My first choice was bluestone pavers that a friend was going to let me have for free. Gorgeous stuff, but of course "She Who Must Be Obeyed" 86'd that proposal. Right, waaaaay to easy and cheap, dear.


----------



## budman (Mar 28, 2011)

Some one on this forum used a slab of stone and moved it with a engine hoist into place.


----------



## Jack22 (Mar 29, 2011)

Thanks to everyone for the ideas and thoughts.
-Jack


----------



## firefighterjake (Mar 29, 2011)

cptoneleg said:
			
		

> I was checking into soapstone slab, but got in ahurry and used soapstone tiles, It holds heat and looks good.  Take your time check it out, I got in a hurry, but am still pleased with results.  I did wall and floof :zip:



Still digging the soapstone tile hearth Cptoneleg!


----------



## ryanm527 (Mar 29, 2011)

My stove sits on a slab of polished limestone and it's not cracked.  I do think its interesting because when the stove is roaring the stone directly underneath and surrounding it hardly feels warm at all, where the wood floor a couple feet away will be almost hot to the touch.  It must just absorb a ton of heat.


----------



## Wade A. (Mar 29, 2011)

Ryan, same observation about my Jotul. The slab just has a ton of thermal mass.  I wondered before if the R2 hearth requirment for that stove was just overkill, but I think now that R and mass are two interdependent variables, but that manufacturers want to keep the variables down for the sake of simplicity. The ability of a material to spread heat conduction  over such a wide area just appears to  negate most of the need for high insulative properties. As someone with only enough physics knowledge to be dangerous, I'll defer to anyone else here who can shed light on my understanding of this. I'm guessing that there is a formula to calculate this, and while my R2 hearth has the required insulative qualities, the mass of the stone soaks up, spreads and reduces the heat of the stove to an extent that I never even come close to the "red line" for the hearth.
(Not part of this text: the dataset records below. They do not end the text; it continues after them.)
(* Let $\ell\ge 2$ and $k>\ell$ be integers. Then $\overline{\alpha}(\{1,\dots,\ell-1,k\})=\frac{1}{\ell}$ if $k\not\equiv 0\pmod{\ell}$, and $\overline{\alpha}(\{1,\dots,\ell-1,k\})=\frac{k}{\ell(k+1)}$ if $k\equiv 0\pmod{\ell}$.
   Context: For a finite set $S$ of positive integers, the distance graph $G(S)$ has vertex set $\mathbb{Z}$, with $i,j$ adjacent iff $|i-j|\in S$. The density of $A\subseteq\mathbb{Z}$ is $\delta(A)=\limsup_{N\to\infty}\frac{|A\cap[-N,N]|}{2N+1}$, and the independence ratio $\overline{\alpha}(S)$ is the supremum of $\delta(A)$ over independent sets $A$ of $G(S)$. *)

theory Defs
  imports "HOL-Analysis.Analysis"
begin

definition dist_adj :: "nat set \<Rightarrow> int \<Rightarrow> int \<Rightarrow> bool" where
  "dist_adj S i j \<longleftrightarrow> nat \<bar>i - j\<bar> \<in> S"

definition dist_independent :: "nat set \<Rightarrow> int set \<Rightarrow> bool" where
  "dist_independent S A \<longleftrightarrow> (\<forall>i\<in>A. \<forall>j\<in>A. \<not> dist_adj S i j)"

definition upper_density :: "int set \<Rightarrow> ereal" where
  "upper_density A = limsup (\<lambda>N::nat. ereal (real (card (A \<inter> {- int N .. int N})) / (2 * real N + 1)))"

definition indep_ratio :: "nat set \<Rightarrow> ereal" where
  "indep_ratio S = (SUP A \<in> {A. dist_independent S A}. upper_density A)"

end

(*
  An independent set of G({1..l-1} \<union> {k}) has at most one element in any l consecutive
  integers. If k = m l, every k + 1 consecutive integers contain two points at distance k, one of
  which is missed, and the remaining k = m l points hold at most m elements; this gives the upper
  bound m / (k + 1) = k / (l (k + 1)). Periodic independent sets attain the bounds: the multiples
  of l when l does not divide k, and the residues 0, l, ..., (m - 1) l modulo m l + 1 otherwise.
  Window counts are turned into densities by covering [-N, N] with windows.
*)
theory Submission
  imports Defs "HOL-Real_Asymp.Real_Asymp"
begin

lemma card_Int_atLeastLessThan_add:
  fixes A :: "int set"
  shows "card (A \<inter> {a..<a + int (m + n)})
           = card (A \<inter> {a..<a + int m}) + card (A \<inter> {a + int m..<a + int m + int n})"
proof -
  have "{a..<a + int (m + n)} = {a..<a + int m} \<union> {a + int m..<a + int m + int n}"
    by auto
  then show ?thesis
    by (simp add: Int_Un_distrib card_Un_disjoint disjoint_iff)
qed

lemma card_Int_atLeastLessThan_mult_le:
  fixes A :: "int set"
  assumes "\<And>x. card (A \<inter> {x..<x + int p}) \<le> c"
  shows "card (A \<inter> {a..<a + int (q * p)}) \<le> q * c"
proof (induction q)
  case (Suc q)
  then show ?case
    using assms[of "a + int (q * p)"] card_Int_atLeastLessThan_add[of A a "q * p" p]
    by (simp add: add.commute)
qed simp

lemma card_Int_atLeastLessThan_mult_eq:
  fixes A :: "int set"
  assumes "\<And>x. card (A \<inter> {x..<x + int p}) = c"
  shows "card (A \<inter> {a..<a + int (q * p)}) = q * c"
proof (induction q)
  case (Suc q)
  then show ?case
    using assms[of "a + int (q * p)"] card_Int_atLeastLessThan_add[of A a "q * p" p]
    by (simp add: add.commute)
qed simp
Is your limestone just polished and left uncoated, or how did you finish it otherwise?


----------



## lukem (Mar 29, 2011)

You could pour one out of concrete with one of those DIY countertop kits.  Dye it whatever color(s) you like...form it up to whatever size you want...set it in place after the concrete cures.  May not be your taste, but wanted to throw it out there.  I've seen a hearth pad for a gas insert done like this and it looked really nice.  Not exactly natural stone but it didn't look like a sidewalk either.


----------



## Arc_Dad (Mar 30, 2011)

I used a single piece of 1.25" granite counter top slab for my hearth.  I put it on top of a 2"X"6" frame, 3/4" plywood, and a piece of micore (I used another brand of similar material, but would use micore if I did it again).  It's been in for 2 months and is working great.  I can't imagine this piece of granite breaking w/ this type of install.


----------



## phatfarmerbob (Mar 31, 2011)

I used bluestone 1.5 inches thick,,, four pieces cause i didnt think i could carry one in,,, priced granite and it was 1600.00 needless to say i went with the bluestone and actually i have no regrets about material choice... yet with hindsite 20/20 i would have raised it to about 12" rather then 4.5

And yes the ashpan door handle is open...


----------



## firefighterjake (Mar 31, 2011)

phatfarmerbob said:
			
		

> I used bluestone 1.5 inches thick,,, four pieces cause i didnt think i could carry one in,,, priced granite and it was 1600.00 needless to say i went with the bluestone and actually i have no regrets about material choice... yet with hindsite 20/20 i would have raised it to about 12" rather then 4.5
> 
> *And yes the ashpan door handle is open*...



You know us so well Phatfarmerbob . . . incidentally I like the bluestone . . . looks nice.


----------



## ryanm527 (Apr 1, 2011)

ploughboy: The limestone was in place long before I was even born, so I don't know how it's been finished or what's been done over the years to it, but it appears to be just polished.


----------



## Wade A. (Apr 1, 2011)

Nice to know my choice of materials has some historic cred.  My instinct is to just let the stone be, well, stone. That makes me feel more certain about it. Thanks Ryan.


----------



## JBiBBs5 (Sep 10, 2011)

Arc_Dad said:
			
		

> I used a single piece of 1.25" granite counter top slab for my hearth.  I put it on top of a 2"X"6" frame, 3/4" plywood, and a piece of micore (I used another brand of similar material, but would use micore if I did it again).  It's been in for 2 months and is working great.  I can't imagine this piece of granite breaking w/ this type of install.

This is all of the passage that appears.